* **Aim of the exercise**: Somewhere below is a line with "using t_le w_nonneg" and, later, a line with "(sqrt (w j)) ^"; repeat those two lines and all the lines between them, exactly as they are.

* **Available data**:
lemma has_vector_derivative_series:
  fixes f f' :: "nat \<Rightarrow> real \<Rightarrow> 'a::banach"
  assumes deriv: "\<And>n x. (f n has_vector_derivative f' n x) (at x)"
    and bound: "\<And>n x. norm (f' n x) \<le> M n" and "summable M"
    and "summable (\<lambda>n. f n x0)"
  shows "((\<lambda>x. \<Sum>n. f n x) has_vector_derivative (\<Sum>n. f' n x)) (at x)"
proof -
  have unif: "uniform_limit UNIV (\<lambda>n x. \<Sum>i<n. f' i x) (\<lambda>x. \<Sum>i. f' i x) sequentially"
    using bound \<open>summable M\<close> by (intro Weierstrass_m_test)
  have "\<exists>g. \<forall>x\<in>UNIV. (\<lambda>n. f n x) sums g x \<and>
          (g has_derivative (\<lambda>t. t *\<^sub>R (\<Sum>i. f' i x))) (at x within UNIV)"
  proof (rule has_derivative_series[where f' = "\<lambda>n x t. t *\<^sub>R f' n x"])
    show "(\<lambda>n. f n x0) sums (\<Sum>n. f n x0)"
      using \<open>summable (\<lambda>n. f n x0)\<close> by (rule summable_sums)
    show "\<forall>\<^sub>F n in sequentially. \<forall>x\<in>UNIV. \<forall>t.
            norm ((\<Sum>i<n. t *\<^sub>R f' i x) - t *\<^sub>R (\<Sum>i. f' i x)) \<le> e * norm t"
      if "e > 0" for e
      using uniform_limitD[OF unif that]
    proof eventually_elim
      case (elim n)
      show ?case
      proof (intro ballI allI)
        fix x t
        have "norm ((\<Sum>i<n. t *\<^sub>R f' i x) - t *\<^sub>R (\<Sum>i. f' i x))
                = \<bar>t\<bar> * dist (\<Sum>i<n. f' i x) (\<Sum>i. f' i x)"
          by (simp add: dist_norm flip: scaleR_sum_right scaleR_diff_right)
        also have "\<dots> \<le> \<bar>t\<bar> * e"
          using elim by (intro mult_left_mono) (auto intro: less_imp_le)
        finally show "norm ((\<Sum>i<n. t *\<^sub>R f' i x) - t *\<^sub>R (\<Sum>i. f' i x)) \<le> e * norm t"
          by (simp add: mult.commute)
      qed
    qed
  qed (use deriv in \<open>auto simp: has_vector_derivative_def\<close>)
  then obtain g where "\<And>x. (\<lambda>n. f n x) sums g x"
    and "\<And>x. (g has_derivative (\<lambda>t. t *\<^sub>R (\<Sum>i. f' i x))) (at x)"
    by auto
  then show ?thesis
    by (simp add: has_vector_derivative_def sums_iff)
qed

lemma suminf_ennreal_Cauchy_Schwarz:
  fixes f g :: "nat \<Rightarrow> ennreal"
  shows "(\<Sum>j. f j * g j)\<^sup>2 \<le> (\<Sum>j. f j ^ 2) * (\<Sum>j. g j ^ 2)"
  using Cauchy_Schwarz_nn_integral[of f "count_space UNIV" g]
  by (simp add: nn_integral_count_space_nat)

lemma nn_integral_translate_lborel:
  fixes f :: "real \<Rightarrow> ennreal"
  assumes [measurable]: "f \<in> borel_measurable borel"
  shows "(\<integral>\<^sup>+x. f (x - a) \<partial>lborel) = (\<integral>\<^sup>+x. f x \<partial>lborel)"
  using nn_integral_real_affine[of f 1 "- a"] by simp

lemma nn_integral_norm_series_translates_le:
  fixes t :: "nat \<Rightarrow> real \<Rightarrow> 'a::{banach, second_countable_topology}"
    and \<eta> :: "real \<Rightarrow> 'b::real_normed_vector"
  assumes [measurable]: "\<And>j. t j \<in> borel_measurable borel" "\<eta> \<in> borel_measurable borel"
    and t_le: "\<And>j x. norm (t j x) \<le> w j * norm (\<eta> (x - \<tau> j))"
    and w_nonneg: "\<And>j. 0 \<le> w j" and "summable w"
    and \<eta>_bounded: "\<And>x. norm (\<eta> x) \<le> B"
  shows "(\<integral>\<^sup>+x. ennreal ((norm (\<Sum>j. t j x))\<^sup>2) \<partial>lborel)
           \<le> ennreal ((\<Sum>j. w j)\<^sup>2) * (\<integral>\<^sup>+x. ennreal ((norm (\<eta> x))\<^sup>2) \<partial>lborel)"
proof -
  define W where "W = ennreal (\<Sum>j. w j)"
  have W: "W = (\<Sum>j. ennreal (w j))"
    using suminf_ennreal2[OF w_nonneg \<open>summable w\<close>] by (simp add: W_def)
  have pointwise: "ennreal ((norm (\<Sum>j. t j x))\<^sup>2)
                     \<le> W * (\<Sum>j. ennreal (w j * (norm (\<eta> (x - \<tau> j)))\<^sup>2))" for x
  proof -
    define a where "a j = norm (\<eta> (x - \<tau> j))" for j
    have "summable (\<lambda>j. norm (t j x))"
    proof (rule summable_comparison_test')
      show "summable (\<lambda>j. w j * B)" using \<open>summable w\<close> by (rule summable_mult2)
      show "norm (norm (t j x)) \<le> w j * B" for j
        using t_le[of j x] mult_left_mono[OF \<eta>_bounded w_nonneg[of j]] by (simp add: order_trans)
    qed
    then have "ennreal (norm (\<Sum>j. t j x)) \<le> ennreal (\<Sum>j. norm (t j x))"
      by (intro ennreal_leI summable_norm)
    also have "\<dots> = (\<Sum>j. ennreal (norm (t j x)))"
      using \<open>summable (\<lambda>j. norm (t j x))\<close> by (simp add: suminf_ennreal2)
    also have "\<dots> \<le> (\<Sum>j. ennreal (sqrt (w j)) * ennreal (sqrt (w j) * a j))"
      using t_le w_nonneg
      by (intro suminf_le summableI) (simp add: a_def ennreal_leI flip: ennreal_mult mult.assoc)
    finally have "ennreal (norm (\<Sum>j. t j x)) ^ 2
        \<le> (\<Sum>j. ennreal (sqrt (w j)) * ennreal (sqrt (w j) * a j)) ^ 2"
      by (rule power_mono) simp
    also have "\<dots> \<le> (\<Sum>j. ennreal (sqrt (w j)) ^ 2) * (\<Sum>j. ennreal (sqrt (w j) * a j) ^ 2)"
      by (rule suminf_ennreal_Cauchy_Schwarz)
    also have "\<dots> = W * (\<Sum>j. ennreal (w j * (a j)\<^sup>2))"
      using w_nonneg by (simp add: W ennreal_power power_mult_distrib a_def)
    finally show ?thesis
      by (simp add: ennreal_power a_def)
  qed
  have "(\<integral>\<^sup>+x. ennreal ((norm (\<Sum>j. t j x))\<^sup>2) \<partial>lborel)
          \<le> (\<integral>\<^sup>+x. W * (\<Sum>j. ennreal (w j * (norm (\<eta> (x - \<tau> j)))\<^sup>2)) \<partial>lborel)"
    by (intro nn_integral_mono pointwise)
  also have "\<dots> = W * (\<Sum>j. ennreal (w j) * (\<integral>\<^sup>+x. ennreal ((norm (\<eta> (x - \<tau> j)))\<^sup>2) \<partial>lborel))"
    using w_nonneg by (simp add: nn_integral_cmult nn_integral_suminf ennreal_mult)
  also have "\<dots> = W * W * (\<integral>\<^sup>+x. ennreal ((norm (\<eta> x))\<^sup>2) \<partial>lborel)"
  proof -
    have "(\<integral>\<^sup>+x. ennreal ((norm (\<eta> (x - \<tau> j)))\<^sup>2) \<partial>lborel)
            = (\<integral>\<^sup>+x. ennreal ((norm (\<eta> x))\<^sup>2) \<partial>lborel)" for j
      by (rule nn_integral_translate_lborel[where f = "\<lambda>y. ennreal ((norm (\<eta> y))\<^sup>2)"]) measurable
    then show ?thesis by (simp add: W mult.assoc)
  qed
  also have "W * W = ennreal ((\<Sum>j. w j)\<^sup>2)"
    using suminf_nonneg[OF \<open>summable w\<close> w_nonneg] by (simp add: W_def power2_eq_square ennreal_mult)
  finally show ?thesis .
qed

lemma ennreal_mult_add_le:
  assumes "0 \<le> a" and "0 \<le> b"
  shows "ennreal a * X + ennreal b * Y \<le> ennreal (a + b) * (Y + X)"
proof -
  have "ennreal (a + b) * (Y + X) = (ennreal a * X + ennreal b * Y) + (ennreal a * Y + ennreal b * X)"
    using assms by (simp add: ennreal_plus distrib_left distrib_right ac_simps)
  then show ?thesis
    by simp
qed

lemma nn_integral_sum_squares_le:
  fixes f g \<xi> \<eta> :: "'a \<Rightarrow> 'b::real_normed_vector"
  assumes [measurable]: "f \<in> borel_measurable M" "g \<in> borel_measurable M"
    "\<xi> \<in> borel_measurable M" "\<eta> \<in> borel_measurable M"
    and "0 \<le> a" "0 \<le> b"
    and "(\<integral>\<^sup>+x. ennreal ((norm (f x))\<^sup>2) \<partial>M) \<le> ennreal a * (\<integral>\<^sup>+x. ennreal ((norm (\<eta> x))\<^sup>2) \<partial>M)"
    and "(\<integral>\<^sup>+x. ennreal ((norm (g x))\<^sup>2) \<partial>M) \<le> ennreal b * (\<integral>\<^sup>+x. ennreal ((norm (\<xi> x))\<^sup>2) \<partial>M)"
  shows "(\<integral>\<^sup>+x. ennreal ((norm (f x))\<^sup>2 + (norm (g x))\<^sup>2) \<partial>M)
           \<le> ennreal (a + b) * (\<integral>\<^sup>+x. ennreal ((norm (\<xi> x))\<^sup>2 + (norm (\<eta> x))\<^sup>2) \<partial>M)"
proof -
  have "(\<integral>\<^sup>+x. ennreal ((norm (f x))\<^sup>2 + (norm (g x))\<^sup>2) \<partial>M)
          = (\<integral>\<^sup>+x. ennreal ((norm (f x))\<^sup>2) \<partial>M) + (\<integral>\<^sup>+x. ennreal ((norm (g x))\<^sup>2) \<partial>M)"
    by (simp add: nn_integral_add ennreal_plus)
  also have "\<dots> \<le> ennreal (a + b)
                  * ((\<integral>\<^sup>+x. ennreal ((norm (\<xi> x))\<^sup>2) \<partial>M) + (\<integral>\<^sup>+x. ennreal ((norm (\<eta> x))\<^sup>2) \<partial>M))"
    using assms(5-) by (intro order_trans[OF add_mono ennreal_mult_add_le])
  also have "\<dots> = ennreal (a + b) * (\<integral>\<^sup>+x. ennreal ((norm (\<xi> x))\<^sup>2 + (norm (\<eta> x))\<^sup>2) \<partial>M)"
    by (simp add: nn_integral_add ennreal_plus)
  finally show ?thesis .
qed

* **Response area**:
      using t_le w_nonneg
      by (intro suminf_le summableI) (simp add: a_def ennreal_leI flip: ennreal_mult mult.assoc)
    finally have "ennreal (norm (\<Sum>j. t j x)) ^ 2
        \<le> (\<Sum>j. ennreal (sqrt (w j)) * ennreal (sqrt (w j) * a j)) ^ 2"
      by (rule power_mono) simp
    also have "\<dots> \<le> (\<Sum>j. ennreal (sqrt (w j)) ^ 2) * (\<Sum>j. ennreal (sqrt (w j) * a j) ^ 2)"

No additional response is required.